** Opening Data shown block **
(* Let $\epsilon_1,\epsilon_2$ be independent random variables with the unit Fréchet distribution, $\mathbb P(\epsilon_j\le x)=\exp(-1/x)$ for $x>0$, and fix $c>0$. Define $X_1=\epsilon_1$ and $X_2=\max(cX_1,\epsilon_2)$. For $j=1,2$ let $F_j$ be the (continuous) distribution function of $X_j$, let $Y_j=1/(1-F_j(X_j))$ (so $Y_j$ is exactly unit Pareto), and for a threshold $u>1$ let $Z_j=\log Y_j-\log u$. Let $\mathcal H=\{h:\mathbb R\to\mathbb R,\ h(z)=\max(z,c')+d \text{ for some } c',d\in\mathbb R\}$ and, for $i\neq j$, $$R^\star_{j\mid i}(u)=\inf_{h\in\mathcal H}\mathbb E\big[\,|Z_j-h(Z_i)|\;\big|\;Z_i>0\big].$$ Then $R^\star_{2\mid 1}(u)\to 0$ as $u\to\infty$, while $$\liminf_{u\to\infty}R^\star_{1\mid 2}(u)\ \ge\ \frac{\log 2}{c+1}>0 .$$ In particular $R^\star_{2\mid 1}(u)<R^\star_{1\mid 2}(u)$ for all sufficiently large $u$.
   Context: $\mathcal H$ is the class of (bivariate) max-linear envelope predictors; $R^\star_{j\mid i}(u)$ is the tail prediction risk of $Z_j$ from $Z_i$ at threshold $u$. *)

theory Defs
  imports "HOL-Probability.Probability"
begin

definition cdf_of :: "'a measure \<Rightarrow> ('a \<Rightarrow> real) \<Rightarrow> real \<Rightarrow> real" where
  "cdf_of M X x = measure M {\<omega> \<in> space M. X \<omega> \<le> x}"

definition pareto_std :: "'a measure \<Rightarrow> ('a \<Rightarrow> real) \<Rightarrow> 'a \<Rightarrow> real" where
  "pareto_std M X \<omega> = 1 / (1 - cdf_of M X (X \<omega>))"

definition tail_Z :: "'a measure \<Rightarrow> ('a \<Rightarrow> real) \<Rightarrow> real \<Rightarrow> 'a \<Rightarrow> real" where
  "tail_Z M X u \<omega> = ln (pareto_std M X \<omega>) - ln u"

definition envelope_class :: "(real \<Rightarrow> real) set" where
  "envelope_class = {h. \<exists>c' d. h = (\<lambda>z. max z c' + d)}"

text \<open>Tail prediction risk: inf over h of E[|Zj - h(Zi)| | Zi > 0]
  = E[|Zj - h(Zi)| 1{Zi>0}] / P(Zi > 0), computed in ennreal.\<close>
definition tail_risk :: "'a measure \<Rightarrow> ('a \<Rightarrow> real) \<Rightarrow> ('a \<Rightarrow> real) \<Rightarrow> ennreal" where
  "tail_risk M Zj Zi =
     (INF h\<in>envelope_class.
        (\<integral>\<^sup>+ \<omega>. ennreal \<bar>Zj \<omega> - h (Zi \<omega>)\<bar> * indicator {\<omega> \<in> space M. Zi \<omega> > 0} \<omega> \<partial>M)
        / emeasure M {\<omega> \<in> space M. Zi \<omega> > 0})"

end

theory Submission
  imports Defs "HOL-Real_Asymp.Real_Asymp"
begin

(* Both margins are Frechet: X1 = e1 has cdf exp (-1/x) and, by independence, X2 = max (c e1) e2
   has cdf exp (-(c+1)/x). For a Frechet variable X of scale a, Z = g (X/a) - ln u, where
   g = frechet_log_pareto satisfies ln z <= g z <= ln z + 1/z, and Z > 0 iff X > a s with
   s = frechet_return_level u >= u - 1.

   Given Z1 > 0, X2 = c e1 unless e2 is larger still, so the envelope predictor
   max z 0 + ln (c/(c+1)) errs by O(1/s) plus the log-excess of e2 over c s, whose
   conditional mean is again O(1/s). Hence R21 = O(1/u).

   Given Z2 > 0, two events have conditional probability bounded below: X2 = c e1 with e1 just
   above its threshold (so Z1 > 0), and X2 = e2 with e1 <= 1 (so Z1 <= 1 - ln u). On both,
   Z2 lies in (0, ln 2 + 1], so no envelope predictor fits both, and R12 grows like ln u; in
   particular it tends to infinity, which is stronger than the stated liminf bound. *)

definition frechet_log_pareto :: "real \<Rightarrow> real" where
  "frechet_log_pareto z = - ln (1 - exp (- 1 / z))"

definition frechet_return_level :: "real \<Rightarrow> real" where
  "frechet_return_level u = - 1 / ln (1 - 1 / u)"

lemma frechet_log_pareto_ge_ln:
  assumes "0 < z"
  shows "ln z \<le> frechet_log_pareto z"
proof -
  have "1 - exp (- 1 / z) \<le> 1 / z"
    using exp_ge_add_one_self[of "- 1 / z"] by simp
  moreover have "0 < 1 - exp (- 1 / z)"
    using assms by simp
  ultimately have "ln (1 - exp (- 1 / z)) \<le> ln (1 / z)"
    by simp
  then show ?thesis
    using assms by (simp add: frechet_log_pareto_def ln_div)
qed

lemma frechet_log_pareto_le:
  assumes "0 < z"
  shows "frechet_log_pareto z \<le> ln z + 1 / z"
proof -
  have "1 + 1 / z \<le> exp (1 / z)"
    by (rule exp_ge_add_one_self)
  then have "1 / (z + 1) \<le> 1 - exp (- 1 / z)"
    using assms by (simp add: exp_minus field_simps)
  then have "ln (1 / (z + 1)) \<le> ln (1 - exp (- 1 / z))"
    using assms by (subst ln_le_cancel_iff) auto
  then have "frechet_log_pareto z \<le> ln (z + 1)"
    using assms by (simp add: frechet_log_pareto_def ln_div)
  also have "ln (z + 1) = ln z + ln (1 + 1 / z)"
    using assms by (simp add: ln_div field_simps)
  also have "ln (1 + 1 / z) \<le> 1 / z"
    using assms by (intro ln_add_one_self_le_self) simp
  finally show ?thesis
    by simp
qed

lemma frechet_log_pareto_less:
  assumes "0 < y" "y < z"
  shows "frechet_log_pareto y < frechet_log_pareto z"
proof -
  have "exp (- 1 / y) < exp (- 1 / z)"
    using assms by (simp add: field_simps)
  moreover have "0 < 1 - exp (- 1 / z)"
    using assms by simp
  ultimately have "ln (1 - exp (- 1 / z)) < ln (1 - exp (- 1 / y))"
    using assms by (intro ln_less_cancel_iff[THEN iffD2]) auto
  then show ?thesis
    by (simp add: frechet_log_pareto_def)
qed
** Closing Data shown block **
* **Directions for this task**: From the listing above, reproduce all the lines exactly.

* **Response area**:
(* Let $\epsilon_1,\epsilon_2$ be independent random variables with the unit Fréchet distribution, $\mathbb P(\epsilon_j\le x)=\exp(-1/x)$ for $x>0$, and fix $c>0$. Define $X_1=\epsilon_1$ and $X_2=\max(cX_1,\epsilon_2)$. For $j=1,2$ let $F_j$ be the (continuous) distribution function of $X_j$, let $Y_j=1/(1-F_j(X_j))$ (so $Y_j$ is exactly unit Pareto), and for a threshold $u>1$ let $Z_j=\log Y_j-\log u$. Let $\mathcal H=\{h:\mathbb R\to\mathbb R,\ h(z)=\max(z,c')+d \text{ for some } c',d\in\mathbb R\}$ and, for $i\neq j$, $$R^\star_{j\mid i}(u)=\inf_{h\in\mathcal H}\mathbb E\big[\,|Z_j-h(Z_i)|\;\big|\;Z_i>0\big].$$ Then $R^\star_{2\mid 1}(u)\to 0$ as $u\to\infty$, while $$\liminf_{u\to\infty}R^\star_{1\mid 2}(u)\ \ge\ \frac{\log 2}{c+1}>0 .$$ In particular $R^\star_{2\mid 1}(u)<R^\star_{1\mid 2}(u)$ for all sufficiently large $u$.
   Context: $\mathcal H$ is the class of (bivariate) max-linear envelope predictors; $R^\star_{j\mid i}(u)$ is the tail prediction risk of $Z_j$ from $Z_i$ at threshold $u$. *)

theory Defs
  imports "HOL-Probability.Probability"
begin

definition cdf_of :: "'a measure \<Rightarrow> ('a \<Rightarrow> real) \<Rightarrow> real \<Rightarrow> real" where
  "cdf_of M X x = measure M {\<omega> \<in> space M. X \<omega> \<le> x}"

definition pareto_std :: "'a measure \<Rightarrow> ('a \<Rightarrow> real) \<Rightarrow> 'a \<Rightarrow> real" where
  "pareto_std M X \<omega> = 1 / (1 - cdf_of M X (X \<omega>))"

definition tail_Z :: "'a measure \<Rightarrow> ('a \<Rightarrow> real) \<Rightarrow> real \<Rightarrow> 'a \<Rightarrow> real" where
  "tail_Z M X u \<omega> = ln (pareto_std M X \<omega>) - ln u"

definition envelope_class :: "(real \<Rightarrow> real) set" where
  "envelope_class = {h. \<exists>c' d. h = (\<lambda>z. max z c' + d)}"

text \<open>Tail prediction risk: inf over h of E[|Zj - h(Zi)| | Zi > 0]
  = E[|Zj - h(Zi)| 1{Zi>0}] / P(Zi > 0), computed in ennreal.\<close>
definition tail_risk :: "'a measure \<Rightarrow> ('a \<Rightarrow> real) \<Rightarrow> ('a \<Rightarrow> real) \<Rightarrow> ennreal" where
  "tail_risk M Zj Zi =
     (INF h\<in>envelope_class.
        (\<integral>\<^sup>+ \<omega>. ennreal \<bar>Zj \<omega> - h (Zi \<omega>)\<bar> * indicator {\<omega> \<in> space M. Zi \<omega> > 0} \<omega> \<partial>M)
        / emeasure M {\<omega> \<in> space M. Zi \<omega> > 0})"

end

theory Submission
  imports Defs "HOL-Real_Asymp.Real_Asymp"
begin

(* Both margins are Frechet: X1 = e1 has cdf exp (-1/x) and, by independence, X2 = max (c e1) e2
   has cdf exp (-(c+1)/x). For a Frechet variable X of scale a, Z = g (X/a) - ln u, where
   g = frechet_log_pareto satisfies ln z <= g z <= ln z + 1/z, and Z > 0 iff X > a s with
   s = frechet_return_level u >= u - 1.

   Given Z1 > 0, X2 = c e1 unless e2 is larger still, so the envelope predictor
   max z 0 + ln (c/(c+1)) errs by O(1/s) plus the log-excess of e2 over c s, whose
   conditional mean is again O(1/s). Hence R21 = O(1/u).

   Given Z2 > 0, two events have conditional probability bounded below: X2 = c e1 with e1 just
   above its threshold (so Z1 > 0), and X2 = e2 with e1 <= 1 (so Z1 <= 1 - ln u). On both,
   Z2 lies in (0, ln 2 + 1], so no envelope predictor fits both, and R12 grows like ln u; in
   particular it tends to infinity, which is stronger than the stated liminf bound. *)

definition frechet_log_pareto :: "real \<Rightarrow> real" where
  "frechet_log_pareto z = - ln (1 - exp (- 1 / z))"

definition frechet_return_level :: "real \<Rightarrow> real" where
  "frechet_return_level u = - 1 / ln (1 - 1 / u)"

lemma frechet_log_pareto_ge_ln:
  assumes "0 < z"
  shows "ln z \<le> frechet_log_pareto z"
proof -
  have "1 - exp (- 1 / z) \<le> 1 / z"
    using exp_ge_add_one_self[of "- 1 / z"] by simp
  moreover have "0 < 1 - exp (- 1 / z)"
    using assms by simp
  ultimately have "ln (1 - exp (- 1 / z)) \<le> ln (1 / z)"
    by simp
  then show ?thesis
    using assms by (simp add: frechet_log_pareto_def ln_div)
qed

lemma frechet_log_pareto_le:
  assumes "0 < z"
  shows "frechet_log_pareto z \<le> ln z + 1 / z"
proof -
  have "1 + 1 / z \<le> exp (1 / z)"
    by (rule exp_ge_add_one_self)
  then have "1 / (z + 1) \<le> 1 - exp (- 1 / z)"
    using assms by (simp add: exp_minus field_simps)
  then have "ln (1 / (z + 1)) \<le> ln (1 - exp (- 1 / z))"
    using assms by (subst ln_le_cancel_iff) auto
  then have "frechet_log_pareto z \<le> ln (z + 1)"
    using assms by (simp add: frechet_log_pareto_def ln_div)
  also have "ln (z + 1) = ln z + ln (1 + 1 / z)"
    using assms by (simp add: ln_div field_simps)
  also have "ln (1 + 1 / z) \<le> 1 / z"
    using assms by (intro ln_add_one_self_le_self) simp
  finally show ?thesis
    by simp
qed

lemma frechet_log_pareto_less:
  assumes "0 < y" "y < z"
  shows "frechet_log_pareto y < frechet_log_pareto z"
proof -
  have "exp (- 1 / y) < exp (- 1 / z)"
    using assms by (simp add: field_simps)
  moreover have "0 < 1 - exp (- 1 / z)"
    using assms by simp
  ultimately have "ln (1 - exp (- 1 / z)) < ln (1 - exp (- 1 / y))"
    using assms by (intro ln_less_cancel_iff[THEN iffD2]) auto
  then show ?thesis
    by (simp add: frechet_log_pareto_def)
qed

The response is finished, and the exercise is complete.